(* Let $f\in C^2(\mathbb R)$ and let $u:[0,\infty)\times\mathbb R\to\mathbb R$ be bounded and continuous. Then there exists a Lagrangian parameterization $\chi$ associated with $u$. Consequently, every continuous broad solution with source $\mathfrak g$ is a continuous Lagrangian solution (with respect to any Lagrangian parameterization) with the same source $\mathfrak g$.
   Context: $\lambda(t,x):=f'(u(t,x))$. A characteristic curve of $u$ is an absolutely continuous function $\gamma$ on an interval of $[0,\infty)$ with $\dot\gamma(t)=\lambda(t,\gamma(t))$ for a.e. $t$. A Lagrangian parameterization associated with $u$ is a continuous surjective map $\chi:[0,\infty)\times\mathbb R\to\mathbb R$ such that for every $y$, $t\mapsto\chi(t,y)$ is a characteristic curve defined on $[0,\infty)$, and for every $t$, $y\mapsto\chi(t,y)$ is nondecreasing. $u$ is a continuous broad solution with source $\mathfrak g$ (bounded Borel) if $\frac{d}{dt}u(t,\gamma(t))=\mathfrak g(t,\gamma(t))$ in the sense of distributions for every characteristic curve $\gamma$; it is a continuous Lagrangian solution with parameterization $\chi$ and source $\mathfrak g$ if $\frac{d}{dt}u(t,\chi(t,y))=\mathfrak g(t,\chi(t,y))$ in $\mathcal D'((0,\infty))$ for every $y$. *)

theory Defs
  imports "HOL-Analysis.Analysis"
begin

definition C2 :: "(real \<Rightarrow> real) \<Rightarrow> bool" where
  "C2 f \<longleftrightarrow> (\<forall>x. f differentiable (at x)) \<and> (\<forall>x. deriv f differentiable (at x))
            \<and> continuous_on UNIV (deriv (deriv f))"

definition abs_cont_on :: "real set \<Rightarrow> (real \<Rightarrow> real) \<Rightarrow> bool" where
  "abs_cont_on I g \<longleftrightarrow>
     (\<forall>e>0. \<exists>d>0. \<forall>S. finite S \<and> (\<forall>(a,b)\<in>S. a \<le> b \<and> {a..b} \<subseteq> I)
        \<and> pairwise (\<lambda>p q. {fst p<..<snd p} \<inter> {fst q<..<snd q} = {}) S
        \<and> (\<Sum>(a,b)\<in>S. b - a) < d \<longrightarrow> (\<Sum>(a,b)\<in>S. \<bar>g b - g a\<bar>) < e)"

definition loc_abs_cont_on :: "real set \<Rightarrow> (real \<Rightarrow> real) \<Rightarrow> bool" where
  "loc_abs_cont_on I g \<longleftrightarrow> (\<forall>a b. {a..b} \<subseteq> I \<longrightarrow> abs_cont_on {a..b} g)"

definition char_speed :: "(real \<Rightarrow> real) \<Rightarrow> (real \<times> real \<Rightarrow> real) \<Rightarrow> real \<Rightarrow> real \<Rightarrow> real" where
  "char_speed f u t x = deriv f (u (t, x))"

definition char_curve :: "(real \<Rightarrow> real) \<Rightarrow> (real \<times> real \<Rightarrow> real) \<Rightarrow> real set \<Rightarrow> (real \<Rightarrow> real) \<Rightarrow> bool" where
  "char_curve f u I \<gamma> \<longleftrightarrow> is_interval I \<and> I \<subseteq> {0..} \<and> loc_abs_cont_on I \<gamma>
     \<and> (AE t in lborel. t \<in> I \<longrightarrow> (\<gamma> has_real_derivative char_speed f u t (\<gamma> t)) (at t))"

definition lagrangian_param :: "(real \<Rightarrow> real) \<Rightarrow> (real \<times> real \<Rightarrow> real) \<Rightarrow> (real \<times> real \<Rightarrow> real) \<Rightarrow> bool" where
  "lagrangian_param f u X \<longleftrightarrow> continuous_on ({0..} \<times> UNIV) X
     \<and> X ` ({0..} \<times> UNIV) = UNIV
     \<and> (\<forall>y. char_curve f u {0..} (\<lambda>t. X (t, y)))
     \<and> (\<forall>t\<ge>0. mono (\<lambda>y. X (t, y)))"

★ ★ ★

Task statement:
Where a line of the data contains "UNIV", include it in the tally, and answer with the tally alone.

Response:
3